* ACTIVITY
Only the lines from the one containing "w \<subseteq> Basis" through the last line of the data are to be written out, exactly and in full.
Segment Start: MATERIAL FOR THIS TASK
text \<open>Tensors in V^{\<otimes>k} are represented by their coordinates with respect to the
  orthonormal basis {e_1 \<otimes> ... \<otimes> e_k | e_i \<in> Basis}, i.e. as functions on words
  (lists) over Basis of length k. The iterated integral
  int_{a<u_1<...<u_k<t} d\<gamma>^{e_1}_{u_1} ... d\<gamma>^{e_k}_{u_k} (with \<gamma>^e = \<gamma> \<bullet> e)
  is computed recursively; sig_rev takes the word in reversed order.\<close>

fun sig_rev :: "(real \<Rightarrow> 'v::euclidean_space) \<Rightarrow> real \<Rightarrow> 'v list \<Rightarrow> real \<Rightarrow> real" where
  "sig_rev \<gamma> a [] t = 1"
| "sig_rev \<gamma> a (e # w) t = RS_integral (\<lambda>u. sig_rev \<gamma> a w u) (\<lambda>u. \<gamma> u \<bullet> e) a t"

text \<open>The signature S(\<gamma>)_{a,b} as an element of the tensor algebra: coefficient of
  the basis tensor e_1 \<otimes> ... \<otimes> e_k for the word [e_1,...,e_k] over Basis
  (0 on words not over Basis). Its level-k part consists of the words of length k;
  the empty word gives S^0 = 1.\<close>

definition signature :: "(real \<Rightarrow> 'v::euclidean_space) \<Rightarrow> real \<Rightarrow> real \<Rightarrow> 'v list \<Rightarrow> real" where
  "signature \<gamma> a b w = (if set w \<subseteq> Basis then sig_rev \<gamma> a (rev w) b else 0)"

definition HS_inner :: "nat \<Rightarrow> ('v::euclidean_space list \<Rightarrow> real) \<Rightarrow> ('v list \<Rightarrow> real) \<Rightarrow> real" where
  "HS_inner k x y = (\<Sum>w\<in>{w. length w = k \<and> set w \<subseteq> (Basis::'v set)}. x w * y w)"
Segment End: MATERIAL FOR THIS TASK
* PROBLEM SOLUTION
  "signature \<gamma> a b w = (if set w \<subseteq> Basis then sig_rev \<gamma> a (rev w) b else 0)"

definition HS_inner :: "nat \<Rightarrow> ('v::euclidean_space list \<Rightarrow> real) \<Rightarrow> ('v list \<Rightarrow> real) \<Rightarrow> real" where
  "HS_inner k x y = (\<Sum>w\<in>{w. length w = k \<and> set w \<subseteq> (Basis::'v set)}. x w * y w)"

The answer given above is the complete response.